What the exercise asks
Return the full listing exactly as it is written.

Data for review
++++++++++

text \<open>By the pigeonhole principle some blue neighbour a of c has two blue neighbours among the red
  neighbours of c; these are pendant vertices outside the blue neighbourhood.\<close>

lemma blue_T2_at_deficient_vertex:
  assumes c: "c < N" and blue_c: "card (nB c) = m - 2"
  shows "contains N B (m + 1) (T2 (m + 1))"
proof -
  have red_c: "card (nR c) = m - 4" using degrees[OF c] blue_c m_ge by linarith
  have "\<exists>a\<in>nB c. 2 \<le> card {w \<in> nR c. a \<in> nB w}"
  proof (rule pigeonhole_two[OF finite_nbr finite_nbr])
    show "2 \<le> card {a \<in> nB c. a \<in> nB w}" if "w \<in> nR c" for w
      using blue_neighbours_of_red_neighbour[OF c blue_c that] by (simp add: Int_def conj_commute)
    show "card (nB c) < 2 * card (nR c)" using blue_c red_c m_ge by simp
  qed
  then obtain a where a: "a \<in> nB c" and two: "2 \<le> card {w \<in> nR c. a \<in> nB w}" by blast
  obtain x where x: "x \<in> nR c" "a \<in> nB x"
    using obtain_fresh[of "[]" "{w \<in> nR c. a \<in> nB w}"] two by auto
  obtain y where y: "y \<in> nR c" "a \<in> nB y" "y \<noteq> x"
    using obtain_fresh[of "[x]" "{w \<in> nR c. a \<in> nB w}"] two by auto
  have "x \<in> nB a" "y \<in> nB a" using x y nbr_sym nbr_lt by blast+
  moreover have "x \<noteq> c" "y \<noteq> c" using x y nbr_ne by blast+
  moreover have "card ({x, y} - nB c) = 2"
    using card_outside_pair red_not_blue[OF c] x(1) y(1,3) by metis
  moreover have "5 \<le> m + 1" using m_ge by simp
  ultimately show ?thesis
    using T2_embedding[OF _ c a] blue_c y(3)[symmetric] m_ge by simp
qed

text \<open>Two red neighbours of c with distinct blue partners in the blue neighbourhood give T_{m+1}^1.\<close>

lemma blue_T1_at_deficient_vertex:
  assumes c: "c < N" and blue_c: "card (nB c) = m - 2"
  shows "contains N B (m + 1) (T1 (m + 1))"
proof -
  have red_c: "card (nR c) = m - 4" using degrees[OF c] blue_c m_ge by linarith
  have "length [] < card (nR c)" using red_c m_ge by simp
  then obtain w1 where w1: "w1 \<in> nR c" by (rule obtain_fresh)
  have "length [w1] < card (nR c)" using red_c m_ge by simp
  then obtain w2 where w2: "w2 \<in> nR c" "w2 \<noteq> w1" by (rule obtain_fresh) auto
  have "length [] < card (nB w2 \<inter> nB c)"
    using blue_neighbours_of_red_neighbour[OF c blue_c w2(1)] by simp
  then obtain b where b: "b \<in> nB w2" "b \<in> nB c" by (rule obtain_fresh) auto
  have "length [b] < card (nB w1 \<inter> nB c)"
    using blue_neighbours_of_red_neighbour[OF c blue_c w1] by simp
  then obtain a where a: "a \<in> nB w1" "a \<in> nB c" "a \<noteq> b" by (rule obtain_fresh) auto
  have "w1 \<in> nB a" "w2 \<in> nB b" using a b w1 w2 nbr_sym nbr_lt by blast+
  moreover have "w1 \<notin> nB c" "w2 \<notin> nB c" using w1 w2 red_not_blue[OF c] by blast+
  moreover have "w1 \<noteq> c" "w2 \<noteq> c" using w1 w2 nbr_ne by blast+
  moreover have "card ({w1, w2} - nB c) = 2"
    using card_outside_pair \<open>w1 \<notin> nB c\<close> \<open>w2 \<notin> nB c\<close> w2(2) by metis
  moreover have "w1 \<noteq> b" "w2 \<noteq> a" using a(2) b(2) \<open>w1 \<notin> nB c\<close> \<open>w2 \<notin> nB c\<close> by blast+
  moreover have "5 \<le> m + 1" using m_ge by simp
  ultimately show ?thesis
    using T1_embedding[OF _ c a(2) b(2)] blue_c a(3) w2(2) m_ge by simp
qed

++++++++++

Answer space
text \<open>By the pigeonhole principle some blue neighbour a of c has two blue neighbours among the red
  neighbours of c; these are pendant vertices outside the blue neighbourhood.\<close>

lemma blue_T2_at_deficient_vertex:
  assumes c: "c < N" and blue_c: "card (nB c) = m - 2"
  shows "contains N B (m + 1) (T2 (m + 1))"
proof -
  have red_c: "card (nR c) = m - 4" using degrees[OF c] blue_c m_ge by linarith
  have "\<exists>a\<in>nB c. 2 \<le> card {w \<in> nR c. a \<in> nB w}"
  proof (rule pigeonhole_two[OF finite_nbr finite_nbr])
    show "2 \<le> card {a \<in> nB c. a \<in> nB w}" if "w \<in> nR c" for w
      using blue_neighbours_of_red_neighbour[OF c blue_c that] by (simp add: Int_def conj_commute)
    show "card (nB c) < 2 * card (nR c)" using blue_c red_c m_ge by simp
  qed
  then obtain a where a: "a \<in> nB c" and two: "2 \<le> card {w \<in> nR c. a \<in> nB w}" by blast
  obtain x where x: "x \<in> nR c" "a \<in> nB x"
    using obtain_fresh[of "[]" "{w \<in> nR c. a \<in> nB w}"] two by auto
  obtain y where y: "y \<in> nR c" "a \<in> nB y" "y \<noteq> x"
    using obtain_fresh[of "[x]" "{w \<in> nR c. a \<in> nB w}"] two by auto
  have "x \<in> nB a" "y \<in> nB a" using x y nbr_sym nbr_lt by blast+
  moreover have "x \<noteq> c" "y \<noteq> c" using x y nbr_ne by blast+
  moreover have "card ({x, y} - nB c) = 2"
    using card_outside_pair red_not_blue[OF c] x(1) y(1,3) by metis
  moreover have "5 \<le> m + 1" using m_ge by simp
  ultimately show ?thesis
    using T2_embedding[OF _ c a] blue_c y(3)[symmetric] m_ge by simp
qed

text \<open>Two red neighbours of c with distinct blue partners in the blue neighbourhood give T_{m+1}^1.\<close>

lemma blue_T1_at_deficient_vertex:
  assumes c: "c < N" and blue_c: "card (nB c) = m - 2"
  shows "contains N B (m + 1) (T1 (m + 1))"
proof -
  have red_c: "card (nR c) = m - 4" using degrees[OF c] blue_c m_ge by linarith
  have "length [] < card (nR c)" using red_c m_ge by simp
  then obtain w1 where w1: "w1 \<in> nR c" by (rule obtain_fresh)
  have "length [w1] < card (nR c)" using red_c m_ge by simp
  then obtain w2 where w2: "w2 \<in> nR c" "w2 \<noteq> w1" by (rule obtain_fresh) auto
  have "length [] < card (nB w2 \<inter> nB c)"
    using blue_neighbours_of_red_neighbour[OF c blue_c w2(1)] by simp
  then obtain b where b: "b \<in> nB w2" "b \<in> nB c" by (rule obtain_fresh) auto
  have "length [b] < card (nB w1 \<inter> nB c)"
    using blue_neighbours_of_red_neighbour[OF c blue_c w1] by simp
  then obtain a where a: "a \<in> nB w1" "a \<in> nB c" "a \<noteq> b" by (rule obtain_fresh) auto
  have "w1 \<in> nB a" "w2 \<in> nB b" using a b w1 w2 nbr_sym nbr_lt by blast+
  moreover have "w1 \<notin> nB c" "w2 \<notin> nB c" using w1 w2 red_not_blue[OF c] by blast+
  moreover have "w1 \<noteq> c" "w2 \<noteq> c" using w1 w2 nbr_ne by blast+
  moreover have "card ({w1, w2} - nB c) = 2"
    using card_outside_pair \<open>w1 \<notin> nB c\<close> \<open>w2 \<notin> nB c\<close> w2(2) by metis
  moreover have "w1 \<noteq> b" "w2 \<noteq> a" using a(2) b(2) \<open>w1 \<notin> nB c\<close> \<open>w2 \<notin> nB c\<close> by blast+
  moreover have "5 \<le> m + 1" using m_ge by simp
  ultimately show ?thesis
    using T1_embedding[OF _ c a(2) b(2)] blue_c a(3) w2(2) m_ge by simp
qed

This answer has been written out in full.